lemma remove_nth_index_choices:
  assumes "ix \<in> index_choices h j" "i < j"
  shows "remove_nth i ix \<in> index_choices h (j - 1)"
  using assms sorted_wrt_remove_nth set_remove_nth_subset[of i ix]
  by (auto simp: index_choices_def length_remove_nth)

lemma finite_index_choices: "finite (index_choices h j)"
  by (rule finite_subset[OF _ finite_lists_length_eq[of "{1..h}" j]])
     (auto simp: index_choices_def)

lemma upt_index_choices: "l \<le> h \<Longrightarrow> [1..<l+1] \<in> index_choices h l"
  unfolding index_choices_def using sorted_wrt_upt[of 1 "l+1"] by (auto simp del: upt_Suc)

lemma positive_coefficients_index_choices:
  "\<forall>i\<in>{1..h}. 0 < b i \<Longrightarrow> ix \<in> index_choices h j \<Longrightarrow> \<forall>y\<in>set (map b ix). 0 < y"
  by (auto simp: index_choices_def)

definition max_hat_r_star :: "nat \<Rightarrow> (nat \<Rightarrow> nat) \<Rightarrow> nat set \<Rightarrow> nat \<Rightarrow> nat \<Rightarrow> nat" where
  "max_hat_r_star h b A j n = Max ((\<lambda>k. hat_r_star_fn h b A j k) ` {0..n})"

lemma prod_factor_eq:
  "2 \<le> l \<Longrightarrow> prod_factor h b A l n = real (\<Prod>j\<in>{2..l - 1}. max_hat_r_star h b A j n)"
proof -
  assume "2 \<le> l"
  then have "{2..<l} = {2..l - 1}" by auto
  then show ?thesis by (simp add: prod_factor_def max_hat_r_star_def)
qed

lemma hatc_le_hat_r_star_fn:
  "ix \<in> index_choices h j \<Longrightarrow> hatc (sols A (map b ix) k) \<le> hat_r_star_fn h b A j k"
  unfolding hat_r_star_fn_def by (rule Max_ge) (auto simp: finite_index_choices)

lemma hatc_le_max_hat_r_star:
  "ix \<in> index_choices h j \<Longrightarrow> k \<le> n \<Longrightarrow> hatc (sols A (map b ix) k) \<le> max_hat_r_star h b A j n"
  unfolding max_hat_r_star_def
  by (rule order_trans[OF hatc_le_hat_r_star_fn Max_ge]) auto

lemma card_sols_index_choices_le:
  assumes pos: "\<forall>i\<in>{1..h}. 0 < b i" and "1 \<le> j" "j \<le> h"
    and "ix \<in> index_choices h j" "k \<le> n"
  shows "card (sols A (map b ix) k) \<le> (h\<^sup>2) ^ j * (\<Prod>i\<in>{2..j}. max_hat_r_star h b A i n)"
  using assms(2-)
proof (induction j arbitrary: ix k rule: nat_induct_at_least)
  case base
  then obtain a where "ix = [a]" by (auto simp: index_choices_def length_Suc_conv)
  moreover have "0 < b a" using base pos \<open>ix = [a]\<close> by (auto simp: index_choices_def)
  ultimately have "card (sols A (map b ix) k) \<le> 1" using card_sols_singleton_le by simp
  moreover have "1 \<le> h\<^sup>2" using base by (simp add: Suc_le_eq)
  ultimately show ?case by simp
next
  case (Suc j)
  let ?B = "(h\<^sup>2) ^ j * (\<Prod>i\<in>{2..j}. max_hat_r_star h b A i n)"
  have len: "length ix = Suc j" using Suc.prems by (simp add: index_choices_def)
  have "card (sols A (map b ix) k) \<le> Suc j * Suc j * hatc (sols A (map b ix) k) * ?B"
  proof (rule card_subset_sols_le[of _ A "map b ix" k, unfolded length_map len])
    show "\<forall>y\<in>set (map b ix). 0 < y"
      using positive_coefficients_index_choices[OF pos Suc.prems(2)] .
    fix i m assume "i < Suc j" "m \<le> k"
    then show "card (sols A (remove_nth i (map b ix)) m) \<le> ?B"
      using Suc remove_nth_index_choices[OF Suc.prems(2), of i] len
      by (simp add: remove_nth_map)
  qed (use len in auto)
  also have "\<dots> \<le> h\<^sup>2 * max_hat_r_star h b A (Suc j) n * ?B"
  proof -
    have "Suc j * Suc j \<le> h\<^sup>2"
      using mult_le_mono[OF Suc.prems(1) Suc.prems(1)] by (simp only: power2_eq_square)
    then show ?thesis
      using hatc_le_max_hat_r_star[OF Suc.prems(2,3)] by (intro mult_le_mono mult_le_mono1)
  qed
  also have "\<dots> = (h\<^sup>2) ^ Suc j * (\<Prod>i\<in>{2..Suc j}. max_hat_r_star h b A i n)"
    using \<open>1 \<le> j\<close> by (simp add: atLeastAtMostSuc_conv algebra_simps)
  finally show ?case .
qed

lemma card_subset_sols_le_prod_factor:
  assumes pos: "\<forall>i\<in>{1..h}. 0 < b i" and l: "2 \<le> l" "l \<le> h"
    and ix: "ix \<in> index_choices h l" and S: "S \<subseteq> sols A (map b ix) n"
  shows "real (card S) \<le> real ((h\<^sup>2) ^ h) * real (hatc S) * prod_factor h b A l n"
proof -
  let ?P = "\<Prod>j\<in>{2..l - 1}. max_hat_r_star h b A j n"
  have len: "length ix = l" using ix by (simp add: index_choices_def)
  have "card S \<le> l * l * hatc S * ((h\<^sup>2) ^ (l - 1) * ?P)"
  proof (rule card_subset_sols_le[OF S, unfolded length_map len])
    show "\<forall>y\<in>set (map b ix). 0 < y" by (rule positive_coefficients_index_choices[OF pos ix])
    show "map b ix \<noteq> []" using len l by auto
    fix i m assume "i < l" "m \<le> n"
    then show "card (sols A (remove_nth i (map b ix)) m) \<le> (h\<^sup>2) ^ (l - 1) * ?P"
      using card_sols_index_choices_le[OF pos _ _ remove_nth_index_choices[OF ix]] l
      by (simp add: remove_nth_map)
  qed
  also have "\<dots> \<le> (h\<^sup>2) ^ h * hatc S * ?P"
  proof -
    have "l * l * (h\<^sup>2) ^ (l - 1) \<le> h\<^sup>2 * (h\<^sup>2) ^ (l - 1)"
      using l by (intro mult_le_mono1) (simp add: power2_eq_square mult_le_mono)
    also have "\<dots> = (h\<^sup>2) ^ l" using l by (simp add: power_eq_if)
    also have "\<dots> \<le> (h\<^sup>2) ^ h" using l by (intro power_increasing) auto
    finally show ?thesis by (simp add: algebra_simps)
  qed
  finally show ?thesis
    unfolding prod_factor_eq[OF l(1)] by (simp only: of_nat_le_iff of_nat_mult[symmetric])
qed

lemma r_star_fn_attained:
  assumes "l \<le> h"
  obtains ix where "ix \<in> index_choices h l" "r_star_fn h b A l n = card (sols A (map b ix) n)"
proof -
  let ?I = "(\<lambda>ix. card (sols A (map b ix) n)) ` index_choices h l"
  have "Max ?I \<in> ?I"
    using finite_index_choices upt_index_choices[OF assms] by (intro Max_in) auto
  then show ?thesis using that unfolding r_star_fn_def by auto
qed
---
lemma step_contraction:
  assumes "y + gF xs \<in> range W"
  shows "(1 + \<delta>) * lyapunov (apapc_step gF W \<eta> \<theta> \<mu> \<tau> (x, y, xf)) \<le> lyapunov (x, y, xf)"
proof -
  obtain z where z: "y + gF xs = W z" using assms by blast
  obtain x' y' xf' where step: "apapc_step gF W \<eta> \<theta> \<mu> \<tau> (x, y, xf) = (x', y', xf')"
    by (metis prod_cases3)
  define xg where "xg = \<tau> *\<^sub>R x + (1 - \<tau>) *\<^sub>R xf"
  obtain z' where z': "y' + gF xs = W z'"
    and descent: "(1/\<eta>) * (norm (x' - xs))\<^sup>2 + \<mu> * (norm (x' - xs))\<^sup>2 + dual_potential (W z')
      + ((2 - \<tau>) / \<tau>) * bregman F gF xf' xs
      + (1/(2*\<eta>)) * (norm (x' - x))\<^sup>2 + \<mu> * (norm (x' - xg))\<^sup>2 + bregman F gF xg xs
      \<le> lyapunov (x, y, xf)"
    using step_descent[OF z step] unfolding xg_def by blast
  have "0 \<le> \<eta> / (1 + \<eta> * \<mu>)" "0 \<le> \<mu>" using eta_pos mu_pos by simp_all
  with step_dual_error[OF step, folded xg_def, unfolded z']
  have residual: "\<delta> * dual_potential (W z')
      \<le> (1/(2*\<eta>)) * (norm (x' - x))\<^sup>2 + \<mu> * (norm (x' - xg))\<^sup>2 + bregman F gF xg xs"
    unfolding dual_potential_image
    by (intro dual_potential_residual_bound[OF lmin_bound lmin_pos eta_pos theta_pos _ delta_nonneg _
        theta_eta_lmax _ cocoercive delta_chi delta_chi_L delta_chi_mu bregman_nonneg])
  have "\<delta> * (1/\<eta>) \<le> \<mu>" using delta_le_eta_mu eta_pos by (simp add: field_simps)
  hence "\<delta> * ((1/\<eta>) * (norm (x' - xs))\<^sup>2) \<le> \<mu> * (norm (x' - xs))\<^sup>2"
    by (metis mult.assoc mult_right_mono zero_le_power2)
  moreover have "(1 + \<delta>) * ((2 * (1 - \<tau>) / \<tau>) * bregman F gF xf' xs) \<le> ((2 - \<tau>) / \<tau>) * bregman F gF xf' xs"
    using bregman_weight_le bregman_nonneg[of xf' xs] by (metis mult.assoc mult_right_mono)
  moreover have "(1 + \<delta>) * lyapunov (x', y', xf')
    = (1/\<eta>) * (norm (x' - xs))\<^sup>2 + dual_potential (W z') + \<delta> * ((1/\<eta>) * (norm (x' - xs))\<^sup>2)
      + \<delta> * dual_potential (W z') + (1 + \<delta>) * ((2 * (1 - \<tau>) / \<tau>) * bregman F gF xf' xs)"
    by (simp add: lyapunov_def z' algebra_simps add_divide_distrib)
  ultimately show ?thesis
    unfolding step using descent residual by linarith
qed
...
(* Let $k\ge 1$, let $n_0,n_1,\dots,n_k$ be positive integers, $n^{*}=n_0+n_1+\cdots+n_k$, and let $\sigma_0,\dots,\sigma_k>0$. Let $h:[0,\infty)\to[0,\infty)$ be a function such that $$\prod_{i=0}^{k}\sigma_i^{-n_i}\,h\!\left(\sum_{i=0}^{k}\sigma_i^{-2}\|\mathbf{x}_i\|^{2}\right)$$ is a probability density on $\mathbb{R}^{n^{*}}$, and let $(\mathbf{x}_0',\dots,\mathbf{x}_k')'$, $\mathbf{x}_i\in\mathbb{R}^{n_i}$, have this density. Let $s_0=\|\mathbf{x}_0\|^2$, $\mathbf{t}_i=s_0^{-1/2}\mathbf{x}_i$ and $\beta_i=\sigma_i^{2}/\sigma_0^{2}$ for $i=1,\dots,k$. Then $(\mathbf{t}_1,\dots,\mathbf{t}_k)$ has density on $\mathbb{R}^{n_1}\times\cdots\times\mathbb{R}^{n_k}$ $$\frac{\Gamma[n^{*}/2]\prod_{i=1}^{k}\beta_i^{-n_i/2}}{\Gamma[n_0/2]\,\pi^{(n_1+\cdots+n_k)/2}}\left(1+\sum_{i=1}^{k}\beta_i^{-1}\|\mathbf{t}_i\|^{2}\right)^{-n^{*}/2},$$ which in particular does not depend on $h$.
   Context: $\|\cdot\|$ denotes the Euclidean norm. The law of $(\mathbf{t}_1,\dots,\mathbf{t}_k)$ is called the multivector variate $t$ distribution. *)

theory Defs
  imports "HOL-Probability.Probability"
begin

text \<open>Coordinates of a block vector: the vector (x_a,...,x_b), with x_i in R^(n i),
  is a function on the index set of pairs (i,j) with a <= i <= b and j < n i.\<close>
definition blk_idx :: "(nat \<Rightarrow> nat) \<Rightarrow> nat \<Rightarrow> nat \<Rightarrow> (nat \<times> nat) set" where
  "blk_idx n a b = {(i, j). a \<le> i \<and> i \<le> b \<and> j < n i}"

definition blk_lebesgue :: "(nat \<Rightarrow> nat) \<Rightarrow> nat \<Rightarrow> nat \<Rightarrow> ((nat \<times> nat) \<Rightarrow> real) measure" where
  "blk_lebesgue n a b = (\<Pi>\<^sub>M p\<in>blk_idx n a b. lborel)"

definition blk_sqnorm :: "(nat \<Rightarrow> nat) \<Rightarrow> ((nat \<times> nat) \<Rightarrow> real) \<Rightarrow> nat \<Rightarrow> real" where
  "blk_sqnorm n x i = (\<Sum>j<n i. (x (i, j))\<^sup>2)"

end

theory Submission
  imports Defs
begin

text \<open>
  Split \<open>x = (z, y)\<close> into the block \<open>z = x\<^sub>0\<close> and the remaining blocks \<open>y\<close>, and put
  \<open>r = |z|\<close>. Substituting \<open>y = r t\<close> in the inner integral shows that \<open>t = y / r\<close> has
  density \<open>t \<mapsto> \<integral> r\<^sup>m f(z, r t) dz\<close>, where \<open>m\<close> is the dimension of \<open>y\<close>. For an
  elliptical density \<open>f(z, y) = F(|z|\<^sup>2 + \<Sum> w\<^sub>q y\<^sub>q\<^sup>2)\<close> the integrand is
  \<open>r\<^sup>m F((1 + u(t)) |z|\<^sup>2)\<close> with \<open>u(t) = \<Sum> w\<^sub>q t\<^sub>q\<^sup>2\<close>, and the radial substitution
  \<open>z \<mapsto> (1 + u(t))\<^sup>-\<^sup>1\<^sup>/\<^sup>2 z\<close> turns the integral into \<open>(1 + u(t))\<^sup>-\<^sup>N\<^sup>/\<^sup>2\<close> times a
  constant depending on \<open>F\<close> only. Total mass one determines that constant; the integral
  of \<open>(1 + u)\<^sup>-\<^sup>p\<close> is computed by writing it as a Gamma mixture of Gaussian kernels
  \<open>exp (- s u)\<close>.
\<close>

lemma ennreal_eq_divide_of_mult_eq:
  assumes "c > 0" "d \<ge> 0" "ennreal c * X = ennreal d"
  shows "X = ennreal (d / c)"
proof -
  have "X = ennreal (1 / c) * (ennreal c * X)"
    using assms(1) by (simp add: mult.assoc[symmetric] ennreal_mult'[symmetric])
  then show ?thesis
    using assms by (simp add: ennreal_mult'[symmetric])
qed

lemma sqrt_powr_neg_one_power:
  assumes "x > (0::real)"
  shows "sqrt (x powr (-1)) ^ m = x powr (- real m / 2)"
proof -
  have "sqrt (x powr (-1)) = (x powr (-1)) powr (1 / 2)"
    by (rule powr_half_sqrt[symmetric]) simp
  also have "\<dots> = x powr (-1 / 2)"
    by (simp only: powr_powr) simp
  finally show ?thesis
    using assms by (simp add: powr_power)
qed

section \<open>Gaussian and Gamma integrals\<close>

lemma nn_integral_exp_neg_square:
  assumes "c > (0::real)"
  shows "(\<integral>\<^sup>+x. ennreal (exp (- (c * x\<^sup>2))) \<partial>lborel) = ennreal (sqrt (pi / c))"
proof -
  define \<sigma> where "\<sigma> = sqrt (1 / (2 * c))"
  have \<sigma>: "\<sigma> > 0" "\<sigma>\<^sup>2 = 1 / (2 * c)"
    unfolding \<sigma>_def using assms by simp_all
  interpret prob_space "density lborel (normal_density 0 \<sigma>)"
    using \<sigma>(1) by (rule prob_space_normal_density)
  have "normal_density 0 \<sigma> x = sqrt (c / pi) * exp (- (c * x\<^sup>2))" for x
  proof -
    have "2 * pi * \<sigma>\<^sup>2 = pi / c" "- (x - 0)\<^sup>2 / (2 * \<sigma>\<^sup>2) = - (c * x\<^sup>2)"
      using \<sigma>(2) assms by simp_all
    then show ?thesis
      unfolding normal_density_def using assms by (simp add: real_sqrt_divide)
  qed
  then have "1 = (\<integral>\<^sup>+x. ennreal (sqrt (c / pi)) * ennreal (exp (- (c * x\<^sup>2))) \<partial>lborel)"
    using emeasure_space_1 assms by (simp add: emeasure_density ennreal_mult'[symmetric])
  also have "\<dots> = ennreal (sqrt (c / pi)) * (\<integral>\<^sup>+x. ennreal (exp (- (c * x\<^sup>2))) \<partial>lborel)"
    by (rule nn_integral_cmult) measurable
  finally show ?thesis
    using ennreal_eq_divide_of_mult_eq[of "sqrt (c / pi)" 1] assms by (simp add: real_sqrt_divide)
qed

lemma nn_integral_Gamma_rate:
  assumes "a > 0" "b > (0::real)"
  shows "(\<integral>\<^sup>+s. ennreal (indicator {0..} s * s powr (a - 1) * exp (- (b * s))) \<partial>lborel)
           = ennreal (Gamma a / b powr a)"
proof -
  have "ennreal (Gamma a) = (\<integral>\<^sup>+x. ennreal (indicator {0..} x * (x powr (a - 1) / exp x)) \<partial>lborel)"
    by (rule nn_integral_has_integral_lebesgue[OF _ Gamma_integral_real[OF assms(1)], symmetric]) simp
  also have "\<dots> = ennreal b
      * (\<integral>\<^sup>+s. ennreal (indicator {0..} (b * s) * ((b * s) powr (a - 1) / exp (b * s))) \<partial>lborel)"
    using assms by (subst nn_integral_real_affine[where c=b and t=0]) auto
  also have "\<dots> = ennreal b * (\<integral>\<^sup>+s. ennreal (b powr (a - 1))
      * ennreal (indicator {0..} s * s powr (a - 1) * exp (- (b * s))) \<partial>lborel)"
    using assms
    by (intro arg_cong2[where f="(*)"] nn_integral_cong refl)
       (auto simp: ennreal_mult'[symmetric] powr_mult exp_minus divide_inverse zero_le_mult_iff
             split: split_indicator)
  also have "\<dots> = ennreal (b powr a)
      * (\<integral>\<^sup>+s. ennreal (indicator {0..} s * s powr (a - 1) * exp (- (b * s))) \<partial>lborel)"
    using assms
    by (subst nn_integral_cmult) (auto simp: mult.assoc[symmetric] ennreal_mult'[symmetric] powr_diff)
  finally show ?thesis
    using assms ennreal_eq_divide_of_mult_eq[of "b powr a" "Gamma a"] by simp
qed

__YOUR OBJECTIVE__:
All lines above that contain "intro" are required in the answer.

__SOLUTION TO THE EXERCISE__:
      using hatc_le_max_hat_r_star[OF Suc.prems(2,3)] by (intro mult_le_mono mult_le_mono1)
      using l by (intro mult_le_mono1) (simp add: power2_eq_square mult_le_mono)
    also have "\<dots> \<le> (h\<^sup>2) ^ h" using l by (intro power_increasing) auto
    using finite_index_choices upt_index_choices[OF assms] by (intro Max_in) auto
    by (intro dual_potential_residual_bound[OF lmin_bound lmin_pos eta_pos theta_pos _ delta_nonneg _
    by (intro arg_cong2[where f="(*)"] nn_integral_cong refl)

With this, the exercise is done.